475P - Final analysis of phase I and pharmacokinetics/pharmacodynamics (PK/PD) study of RO5126766, a first-in-class dual RAF/MEK inhibitor, in Japanese pat...

Date 01 October 2012
Event ESMO Congress 2012
Session Poster presentation III
Topics Drug Development
Presenter Kazunori Honda
Authors K. Honda1, N. Yamamoto1, H. Nokihara1, Y. Tamura1, H. Asahina1, Y. Yamada2, S. Suzuki3, N. Yamazaki4, T. Tamura1
  • 1Division Of Thoracic Oncology, National Cancer Center Hospital, Tokyo/JP
  • 2Medical Oncology, National Cancer Center Hospital, Tokyo/JP
  • 3Division Of Ophthalmic Oncology, National Cancer Center Hospital, Tokyo/JP
  • 4Division Of Dermatological Oncology, National Cancer Center Hospital, Tokyo/JP

Abstract

Background

RO5126766 is a highly selective and orally active dual inhibitor of Raf and MEK, key enzymes in the MAPK signaling pathway. This was a phase I, dose-escalation study in Japanese patients with advanced solid tumors. This Phase I study was aimed to assess maximum tolerated dose (MTD) based on dose-limiting toxicities (DLTs), safety evaluation, PK/PD analysis and exploratory analysis of anti-tumor activity.

Methods

Patients received an oral single dose administration of RO5126766 (0.8, 1.2, 1.8, and 2.25 mg) followed by continuous once daily dosing in 28-day cycles. A 3 + 3 dose-escalation design was used. PD was evaluated by pMEK and pERK inhibition in peripheral blood mononuclear cells (PBMCs). Archival tumor tissue or biopsy samples were collected to analyze the mutation status of K-Ras and B-Raf only from patients who had consented to provide samples.

Results

Twelve patients were enrolled into 4 sequential cohorts at 0.8, 1.2, 1.8, and 2.25 mg/day. As 2.25 mg/day had already been defined as the MTD of the QD oral dosing regimen in another phase I study conducted in Europe, doses higher than 2.25 mg/day were not administered. In the dose range tested, no DLTs were observed and the MTD was not defined. Frequent adverse events (AEs) included dermatitis acneiform, creatine phosphorkinase (CPK) elevation, and eye disorders. Plasma exposure of RO5126766 appeared to increase in a dose-proportional manner with a long plasma half-life (t1/2) of 45.8 to 93.7 hours. Following multiple dose administration, steady-state conditions were reached by Cycle 1 Day 8 (240 hours). No clear associations between PK parameters and occurrence of skin disorders, CPK elevation, or eye disorder were found. The inhibitory effects of RO5126766 on both pMEK and pERK in PBMCs increased in a dose-dependent manner. These inhibitory effects were achieved at >80% over the dose level of 1.2 mg at steady state phase. Five out of 12 patients achieved stable disease including a melanoma case with over 20 % shrinkage.

Conclusions

RO5126766 has a manageable safety profile up to 2.25 mg/day with a favorable PK/PD correlation in Japanese patients with advanced tumors.

Disclosure

K. Honda: This phase I clinical trial is sponsored by Chugai Pharmaceutical Co., Ltd.

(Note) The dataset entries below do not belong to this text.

definition mi :: "nat \<Rightarrow> mindex set" where
  "mi n = {J. \<forall>i. n \<le> i \<longrightarrow> J i = 0}"

definition nzmi :: "nat \<Rightarrow> mindex set" where
  "nzmi n = {J \<in> mi n. J \<noteq> (\<lambda>_. 0)}"

definition mdeg :: "nat \<Rightarrow> mindex \<Rightarrow> nat" where
  "mdeg n J = (\<Sum>i<n. J i)"

definition lex_less :: "nat \<Rightarrow> mindex \<Rightarrow> mindex \<Rightarrow> bool" where
  "lex_less n J K \<longleftrightarrow> (\<exists>i<n. (\<forall>j<i. J j = K j) \<and> J i < K i)"

definition mi_less :: "nat \<Rightarrow> mindex \<Rightarrow> mindex \<Rightarrow> bool" where
  "mi_less n J K \<longleftrightarrow> mdeg n J < mdeg n K \<or> (mdeg n J = mdeg n K \<and> lex_less n J K)"

definition mi_le :: "nat \<Rightarrow> mindex \<Rightarrow> mindex \<Rightarrow> bool" where
  "mi_le n J K \<longleftrightarrow> J = K \<or> mi_less n J K"

text \<open>Increasing enumeration J^(1), J^(2), ... of the nonzero multi-indices:
  J^(m) is the nonzero multi-index having exactly m-1 predecessors.\<close>
definition enum :: "nat \<Rightarrow> nat \<Rightarrow> mindex" where
  "enum n m = (THE J. J \<in> nzmi n \<and> card {K \<in> nzmi n. mi_less n K J} = m - 1)"

text \<open>A formal power series in z, zbar (n variables) is given by its coefficients:
  phi J K is the coefficient of z^J zbar^K. A formal holomorphic series is
  given by s J, the coefficient of z^J.\<close>
type_synonym biser = "mindex \<Rightarrow> mindex \<Rightarrow> complex"
type_synonym holser = "mindex \<Rightarrow> complex"

definition hol_bi :: "holser \<Rightarrow> biser" where
  "hol_bi s J K = (if K = (\<lambda>_. 0) then s J else 0)"

definition conj_bi :: "biser \<Rightarrow> biser" where
  "conj_bi \<phi> J K = cnj (\<phi> K J)"

definition re_bi :: "biser \<Rightarrow> biser" where
  "re_bi \<phi> J K = (\<phi> J K + conj_bi \<phi> J K) / 2"

text \<open>The series sum_J sum_{K >= J} a_JK z^J zbar^K (J, K nonzero).\<close>
definition aser :: "nat \<Rightarrow> (mindex \<Rightarrow> mindex \<Rightarrow> complex) \<Rightarrow> biser" where
  "aser n a J K = (if J \<noteq> (\<lambda>_. 0) \<and> K \<noteq> (\<lambda>_. 0) \<and> mi_le n J K then a J K else 0)"

text \<open>The model 2 Re h + 4 Re sum_J sum_{K>=J} a_JK z^J zbar^K.\<close>
definition model :: "nat \<Rightarrow> holser \<Rightarrow> (mindex \<Rightarrow> mindex \<Rightarrow> complex) \<Rightarrow> biser" where
  "model n h a J K = 2 * re_bi (hol_bi h) J K + 4 * re_bi (aser n a) J K"

text \<open>f_J = z^J + sum_{K>=J} conj(a_JK) z^K and g_J = z^J - sum_{K>=J} conj(a_JK) z^K.\<close>
definition fser :: "nat \<Rightarrow> (mindex \<Rightarrow> mindex \<Rightarrow> complex) \<Rightarrow> mindex \<Rightarrow> holser" where
  "fser n a J K = (if K = J then 1 else 0)
      + (if K \<noteq> (\<lambda>_. 0) \<and> mi_le n J K then cnj (a J K) else 0)"

definition gser :: "nat \<Rightarrow> (mindex \<Rightarrow> mindex \<Rightarrow> complex) \<Rightarrow> mindex \<Rightarrow> holser" where
  "gser n a J K = (if K = J then 1 else 0)
      - (if K \<noteq> (\<lambda>_. 0) \<and> mi_le n J K then cnj (a J K) else 0)"

definition fvec :: "nat \<Rightarrow> (mindex \<Rightarrow> mindex \<Rightarrow> complex) \<Rightarrow> nat \<Rightarrow> holser" where
  "fvec n a m = fser n a (enum n m)"

definition gvec :: "nat \<Rightarrow> (mindex \<Rightarrow> mindex \<Rightarrow> complex) \<Rightarrow> nat \<Rightarrow> holser" where
  "gvec n a m = gser n a (enum n m)"

type_synonym imat = "nat \<Rightarrow> nat \<Rightarrow> complex"

definition adj :: "imat \<Rightarrow> imat" where
  "adj A i j = cnj (A j i)"

definition prod_entry_sums :: "imat \<Rightarrow> imat \<Rightarrow> nat \<Rightarrow> nat \<Rightarrow> complex \<Rightarrow> bool" where
  "prod_entry_sums A B i l c \<longleftrightarrow> (\<lambda>k. A i (Suc k) * B (Suc k) l) sums c"

definition M1 :: "imat set" where
  "M1 = {A. \<forall>i\<ge>1. \<forall>l\<ge>1.
      prod_entry_sums A (adj A) i l (if i = l then 1 else 0) \<and>
      prod_entry_sums (adj A) A i l (if i = l then 1 else 0)}"

definition M1N :: "nat \<Rightarrow> imat set" where
  "M1N N = {A \<in> M1. \<forall>i\<ge>1. \<forall>j\<ge>1. max i j > N \<longrightarrow> A i j = (if i = j then 1 else 0)}"

definition matvec :: "imat \<Rightarrow> (nat \<Rightarrow> holser) \<Rightarrow> nat \<Rightarrow> holser" where
  "matvec U v i K = (\<Sum>\<^sub>\<infinity>m\<in>{1..}. U i m * v m K)"

text \<open>A formal curve zeta in C^n: components zeta i (i < n) are formal power series in t.\<close>
definition zpow :: "nat \<Rightarrow> (nat \<Rightarrow> complex fps) \<Rightarrow> mindex \<Rightarrow> complex fps" where
  "zpow n \<zeta> J = (\<Prod>i<n. \<zeta> i ^ J i)"

definition nu :: "nat \<Rightarrow> (nat \<Rightarrow> complex fps) \<Rightarrow> nat" where
  "nu n \<zeta> = (LEAST m. \<exists>i<n. fps_nth (\<zeta> i) m \<noteq> 0)"

text \<open>Coefficient of t^p in zeta^* s. Since zeta(0) = 0, zeta^J has order >= |J|,
  so only multi-indices with |J| <= p contribute (this is the usual composition).\<close>
definition pb_hol :: "nat \<Rightarrow> (nat \<Rightarrow> complex fps) \<Rightarrow> holser \<Rightarrow> nat \<Rightarrow> complex" where
  "pb_hol n \<zeta> s p = (\<Sum>J\<in>{J \<in> mi n. mdeg n J \<le> p}. s J * fps_nth (zpow n \<zeta> J) p)"

definition pb_bi :: "nat \<Rightarrow> (nat \<Rightarrow> complex fps) \<Rightarrow> biser \<Rightarrow> nat \<Rightarrow> nat \<Rightarrow> complex" where
  "pb_bi n \<zeta> \<phi> p q = (\<Sum>J\<in>{J \<in> mi n. mdeg n J \<le> p}. \<Sum>K\<in>{K \<in> mi n. mdeg n K \<le> q}.
      \<phi> J K * fps_nth (zpow n \<zeta> J) p * cnj (fps_nth (zpow n \<zeta> K) q))"

definition jet_bi_zero :: "nat \<Rightarrow> (nat \<Rightarrow> nat \<Rightarrow> complex) \<Rightarrow> bool" where
  "jet_bi_zero m \<psi> \<longleftrightarrow> (\<forall>p q. p + q \<le> m \<longrightarrow> \<psi> p q = 0)"

definition jet_hol_zero :: "nat \<Rightarrow> (nat \<Rightarrow> complex) \<Rightarrow> bool" where
  "jet_hol_zero m \<psi> \<longleftrightarrow> (\<forall>p\<le>m. \<psi> p = 0)"

end

theory Submission
  imports Defs
begin

text \<open>
  Pulling back the formal identity r = 2 Re h + \<Sum>|f_J|^2 - \<Sum>|g_J|^2 along
  the curve zeta, the pure terms of zeta^*r are those of zeta^*h, and its mixed coefficients
  (t^p tbar^q, p, q \<ge> 1) equal \<Sum>_J (zeta^*f_J)_p conj((zeta^*f_J)_q) minus the same
  expression for g.  Since zeta vanishes to order nu, zeta^*f_J and zeta^*g_J vanish to order
  nu|J|.  Hence j_{2k nu}(zeta^*r) = 0 forces j_{2k nu}(zeta^*h) = 0 and says that the finitely
  many vectors ((zeta^*f_J)_p)_{|J| \<le> k} and ((zeta^*g_J)_p)_{|J| \<le> k}, p \<le> k nu, have the
  same Gram matrix.  Such families differ by a unitary matrix (built from Householder
  reflections), which we pad by the identity to an element of M_{1,N}.
\<close>

section \<open>Unitary matrices on a finite index set\<close>

text \<open>Vectors and matrices are functions on nat (resp. nat x nat); all operations below only
  look at the entries indexed by a fixed finite set I.  The Hermitian inner product on I:\<close>
definition inner_on :: "nat set \<Rightarrow> (nat \<Rightarrow> complex) \<Rightarrow> (nat \<Rightarrow> complex) \<Rightarrow> complex" where
  "inner_on I v w = (\<Sum>i\<in>I. v i * cnj (w i))"

definition mv_on :: "nat set \<Rightarrow> imat \<Rightarrow> (nat \<Rightarrow> complex) \<Rightarrow> nat \<Rightarrow> complex" where
  "mv_on I A v i = (\<Sum>j\<in>I. A i j * v j)"

definition mm_on :: "nat set \<Rightarrow> imat \<Rightarrow> imat \<Rightarrow> imat" where
  "mm_on I A B i j = (\<Sum>l\<in>I. A i l * B l j)"

text \<open>A is unitary on I iff both A A^* = 1 and A^* A = 1, i.e. the rows of A and of A^* are
  orthonormal.\<close>
definition orthonormal_rows :: "nat set \<Rightarrow> imat \<Rightarrow> bool" where
  "orthonormal_rows I A \<longleftrightarrow>
     (\<forall>i\<in>I. \<forall>l\<in>I. inner_on I (A i) (A l) = (if i = l then 1 else 0))"

definition unitary_on :: "nat set \<Rightarrow> imat \<Rightarrow> bool" where
  "unitary_on I A \<longleftrightarrow> orthonormal_rows I A \<and> orthonormal_rows I (adj A)"

lemma adj_adj [simp]: "adj (adj A) = A"
  by (simp add: adj_def fun_eq_iff)

lemma adj_mm_on: "adj (mm_on I A B) = mm_on I (adj B) (adj A)"
  by (simp add: adj_def mm_on_def fun_eq_iff mult.commute)

lemma inner_on_cong:
  "(\<And>i. i \<in> I \<Longrightarrow> v i = v' i) \<Longrightarrow> (\<And>i. i \<in> I \<Longrightarrow> w i = w' i) \<Longrightarrow>
   inner_on I v w = inner_on I v' w'"
  unfolding inner_on_def by simp

lemma mv_on_cong: "(\<And>i. i \<in> I \<Longrightarrow> v i = v' i) \<Longrightarrow> mv_on I A v j = mv_on I A v' j"
  unfolding mv_on_def by simp

lemma inner_on_self_eq_0:
  assumes "finite I" and "inner_on I d d = 0" and "i \<in> I"
  shows "d i = 0"
proof -
  have "inner_on I d d = complex_of_real (\<Sum>j\<in>I. (cmod (d j))\<^sup>2)"
    unfolding inner_on_def of_real_sum by (simp only: complex_norm_square)
  with assms(2) have "(\<Sum>j\<in>I. (cmod (d j))\<^sup>2) = 0" by (metis of_real_eq_0_iff)
  with assms(1,3) show ?thesis by (simp add: sum_nonneg_eq_0_iff)
qed

text \<open>Coefficients with respect to an orthonormal family R determine inner products:
  this is the computation behind both products of unitary matrices and invariance of the
  inner product.\<close>
lemma inner_on_orthonormal_combination:
  assumes fin: "finite I"
    and orth: "\<And>a b. a \<in> I \<Longrightarrow> b \<in> I \<Longrightarrow> inner_on I (R a) (R b) = (if a = b then 1 else 0)"
  shows "inner_on I (\<lambda>k. \<Sum>a\<in>I. x a * R a k) (\<lambda>k. \<Sum>b\<in>I. y b * R b k) = inner_on I x y"
proof -
  have "inner_on I (\<lambda>k. \<Sum>a\<in>I. x a * R a k) (\<lambda>k. \<Sum>b\<in>I. y b * R b k)
      = (\<Sum>k\<in>I. \<Sum>b\<in>I. \<Sum>a\<in>I. x a * cnj (y b) * (R a k * cnj (R b k)))"
    unfolding inner_on_def by (simp add: sum_distrib_left sum_distrib_right mult_ac)
  also have "\<dots> = (\<Sum>b\<in>I. \<Sum>a\<in>I. x a * cnj (y b) * inner_on I (R a) (R b))"
    unfolding inner_on_def sum_distrib_left
    by (subst sum.swap, rule sum.cong[OF refl], rule sum.swap)
  also have "\<dots> = (\<Sum>b\<in>I. x b * cnj (y b))"
    by (intro sum.cong refl) (simp add: orth if_distrib fin cong: if_cong)
  finally show ?thesis unfolding inner_on_def .
qed

lemma orthonormal_rows_mm_on:
  assumes "finite I" and "orthonormal_rows I H" and "orthonormal_rows I A"
  shows "orthonormal_rows I (mm_on I H A)"
  using assms inner_on_orthonormal_combination[of I A "H _" "H _"]
  unfolding orthonormal_rows_def mm_on_def by (simp add: inner_on_def)

lemma unitary_on_mm_on:
  assumes "finite I" and "unitary_on I H" and "unitary_on I A"
  shows "unitary_on I (mm_on I H A)"
  using assms orthonormal_rows_mm_on unfolding unitary_on_def adj_mm_on by blast

lemma unitary_on_id:
  assumes "finite I"
  shows "unitary_on I (\<lambda>i j. if i = j then 1 else 0)"
proof -
  let ?E = "\<lambda>i j. if i = j then 1 else 0 :: complex"
  have delta: "?E i j * cnj (?E l j) = (if j = i then ?E i l else 0)" for i l j
    by auto
  have "orthonormal_rows I ?E"
    using assms unfolding orthonormal_rows_def inner_on_def delta by (simp add: sum.delta)
  moreover have "adj ?E = ?E" by (auto simp: adj_def fun_eq_iff)
  ultimately show ?thesis unfolding unitary_on_def by simp
qed

lemma mv_on_mm_on: "mv_on I (mm_on I H A) v i = mv_on I H (mv_on I A v) i"
proof -
  have "mv_on I (mm_on I H A) v i = (\<Sum>j\<in>I. \<Sum>l\<in>I. H i l * (A l j * v j))"
    unfolding mv_on_def mm_on_def by (simp add: sum_distrib_right mult.assoc)
  also have "\<dots> = mv_on I H (mv_on I A v) i"
    unfolding mv_on_def by (subst sum.swap) (simp add: sum_distrib_left)
  finally show ?thesis .
qed

lemma inner_on_unitary:
  assumes fin: "finite I" and A: "unitary_on I A"
  shows "inner_on I (mv_on I A v) (mv_on I A w) = inner_on I v w"
proof -
  have cols: "inner_on I (\<lambda>i. A i a) (\<lambda>i. A i b) = (if a = b then 1 else 0)"
    if "a \<in> I" "b \<in> I" for a b
  proof -
    have "inner_on I (\<lambda>i. A i a) (\<lambda>i. A i b) = inner_on I (adj A b) (adj A a)"
      unfolding inner_on_def adj_def by (simp add: mult.commute)
    with A that show ?thesis unfolding unitary_on_def orthonormal_rows_def by auto
  qed
  show ?thesis
    using inner_on_orthonormal_combination[of I "\<lambda>a i. A i a" v w, OF fin cols]
    unfolding mv_on_def by (simp add: mult.commute)
qed

text \<open>The rank-one perturbation 1 - beta d d^*, which is unitary when
  2 Re beta = |beta|^2 <d, d>; with d = x - y and beta = 1/<x, d> it is the reflection
  exchanging two vectors x, y of equal length.\<close>
definition reflection :: "(nat \<Rightarrow> complex) \<Rightarrow> complex \<Rightarrow> imat" where
  "reflection d \<beta> i j = (if i = j then 1 else 0) - \<beta> * d i * cnj (d j)"

lemma adj_reflection: "adj (reflection d \<beta>) = reflection d (cnj \<beta>)"
  by (auto simp: adj_def reflection_def fun_eq_iff)

lemma mv_on_reflection:
  assumes "finite I" and "i \<in> I"
  shows "mv_on I (reflection d \<beta>) v i = v i - \<beta> * d i * inner_on I v d"
proof -
  have "mv_on I (reflection d \<beta>) v i
      = (\<Sum>j\<in>I. (if j = i then v j else 0) - \<beta> * d i * (v j * cnj (d j)))"
    unfolding mv_on_def by (rule sum.cong) (auto simp: reflection_def algebra_simps)
  also have "\<dots> = v i - \<beta> * d i * inner_on I v d"
    using assms by (simp add: sum_subtractf inner_on_def sum_distrib_left)
  finally show ?thesis .
qed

N. Yamamoto: This phase I clinical trial is sponsored by Chugai Pharmaceutical Co., Ltd.

H. Nokihara: This phase I clinical trial is sponsored by Chugai Pharmaceutical Co., Ltd.

Y. Tamura: This phase I clinical trial is sponsored by Chugai Pharmaceutical Co., Ltd.

H. Asahina: This phase I clinical trial is sponsored by Chugai Pharmaceutical Co., Ltd.

Y. Yamada: This phase I clinical trial is sponsored by Chugai Pharmaceutical Co., Ltd.

S. Suzuki: This phase I clinical trial is sponsored by Chugai Pharmaceutical Co., Ltd.

N. Yamazaki: This phase I clinical trial is sponsored by Chugai Pharmaceutical Co., Ltd.

T. Tamura: This phase I clinical trial is sponsored by Chugai Pharmaceutical Co., Ltd.